= ACTIVITY =
Return all of the material that follows, keeping each line exactly as it is.

= INPUT DATA =

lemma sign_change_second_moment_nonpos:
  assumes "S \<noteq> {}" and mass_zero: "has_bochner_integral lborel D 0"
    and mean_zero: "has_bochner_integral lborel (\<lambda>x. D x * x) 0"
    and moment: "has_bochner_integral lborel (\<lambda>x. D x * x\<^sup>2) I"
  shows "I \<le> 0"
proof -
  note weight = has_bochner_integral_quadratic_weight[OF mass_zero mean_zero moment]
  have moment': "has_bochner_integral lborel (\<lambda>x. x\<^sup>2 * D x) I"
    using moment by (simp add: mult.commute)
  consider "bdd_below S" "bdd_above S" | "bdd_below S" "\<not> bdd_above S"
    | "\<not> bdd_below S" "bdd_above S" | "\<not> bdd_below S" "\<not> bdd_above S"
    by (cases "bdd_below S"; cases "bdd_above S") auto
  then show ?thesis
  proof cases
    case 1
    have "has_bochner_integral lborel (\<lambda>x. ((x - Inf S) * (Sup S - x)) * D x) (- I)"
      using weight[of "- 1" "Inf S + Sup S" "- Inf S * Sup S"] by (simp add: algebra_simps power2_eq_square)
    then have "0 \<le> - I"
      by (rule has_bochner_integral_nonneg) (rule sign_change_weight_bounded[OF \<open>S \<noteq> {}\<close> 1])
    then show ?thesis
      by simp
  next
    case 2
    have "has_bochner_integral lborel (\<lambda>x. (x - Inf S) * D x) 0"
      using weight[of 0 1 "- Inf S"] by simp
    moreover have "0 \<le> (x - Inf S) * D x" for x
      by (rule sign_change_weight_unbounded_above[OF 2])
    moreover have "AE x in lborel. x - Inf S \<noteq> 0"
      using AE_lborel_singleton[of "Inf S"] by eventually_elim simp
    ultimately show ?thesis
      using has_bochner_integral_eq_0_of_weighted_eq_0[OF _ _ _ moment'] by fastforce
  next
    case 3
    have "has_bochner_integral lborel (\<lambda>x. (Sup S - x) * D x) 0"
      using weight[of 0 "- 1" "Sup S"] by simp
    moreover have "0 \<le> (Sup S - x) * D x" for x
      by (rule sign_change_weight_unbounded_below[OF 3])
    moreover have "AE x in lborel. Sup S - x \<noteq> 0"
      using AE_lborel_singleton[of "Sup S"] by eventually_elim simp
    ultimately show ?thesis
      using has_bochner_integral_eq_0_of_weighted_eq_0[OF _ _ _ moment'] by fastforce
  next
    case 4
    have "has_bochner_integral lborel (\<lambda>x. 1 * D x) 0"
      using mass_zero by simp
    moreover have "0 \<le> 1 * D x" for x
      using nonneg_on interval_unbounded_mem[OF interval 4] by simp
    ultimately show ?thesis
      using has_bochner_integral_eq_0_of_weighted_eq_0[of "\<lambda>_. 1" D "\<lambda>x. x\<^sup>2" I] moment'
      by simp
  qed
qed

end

= PROBLEM SOLUTION =
lemma sign_change_second_moment_nonpos:
  assumes "S \<noteq> {}" and mass_zero: "has_bochner_integral lborel D 0"
    and mean_zero: "has_bochner_integral lborel (\<lambda>x. D x * x) 0"
    and moment: "has_bochner_integral lborel (\<lambda>x. D x * x\<^sup>2) I"
  shows "I \<le> 0"
proof -
  note weight = has_bochner_integral_quadratic_weight[OF mass_zero mean_zero moment]
  have moment': "has_bochner_integral lborel (\<lambda>x. x\<^sup>2 * D x) I"
    using moment by (simp add: mult.commute)
  consider "bdd_below S" "bdd_above S" | "bdd_below S" "\<not> bdd_above S"
    | "\<not> bdd_below S" "bdd_above S" | "\<not> bdd_below S" "\<not> bdd_above S"
    by (cases "bdd_below S"; cases "bdd_above S") auto
  then show ?thesis
  proof cases
    case 1
    have "has_bochner_integral lborel (\<lambda>x. ((x - Inf S) * (Sup S - x)) * D x) (- I)"
      using weight[of "- 1" "Inf S + Sup S" "- Inf S * Sup S"] by (simp add: algebra_simps power2_eq_square)
    then have "0 \<le> - I"
      by (rule has_bochner_integral_nonneg) (rule sign_change_weight_bounded[OF \<open>S \<noteq> {}\<close> 1])
    then show ?thesis
      by simp
  next
    case 2
    have "has_bochner_integral lborel (\<lambda>x. (x - Inf S) * D x) 0"
      using weight[of 0 1 "- Inf S"] by simp
    moreover have "0 \<le> (x - Inf S) * D x" for x
      by (rule sign_change_weight_unbounded_above[OF 2])
    moreover have "AE x in lborel. x - Inf S \<noteq> 0"
      using AE_lborel_singleton[of "Inf S"] by eventually_elim simp
    ultimately show ?thesis
      using has_bochner_integral_eq_0_of_weighted_eq_0[OF _ _ _ moment'] by fastforce
  next
    case 3
    have "has_bochner_integral lborel (\<lambda>x. (Sup S - x) * D x) 0"
      using weight[of 0 "- 1" "Sup S"] by simp
    moreover have "0 \<le> (Sup S - x) * D x" for x
      by (rule sign_change_weight_unbounded_below[OF 3])
    moreover have "AE x in lborel. Sup S - x \<noteq> 0"
      using AE_lborel_singleton[of "Sup S"] by eventually_elim simp
    ultimately show ?thesis
      using has_bochner_integral_eq_0_of_weighted_eq_0[OF _ _ _ moment'] by fastforce
  next
    case 4
    have "has_bochner_integral lborel (\<lambda>x. 1 * D x) 0"
      using mass_zero by simp
    moreover have "0 \<le> 1 * D x" for x
      using nonneg_on interval_unbounded_mem[OF interval 4] by simp
    ultimately show ?thesis
      using has_bochner_integral_eq_0_of_weighted_eq_0[of "\<lambda>_. 1" D "\<lambda>x. x\<^sup>2" I] moment'
      by simp
  qed
qed

end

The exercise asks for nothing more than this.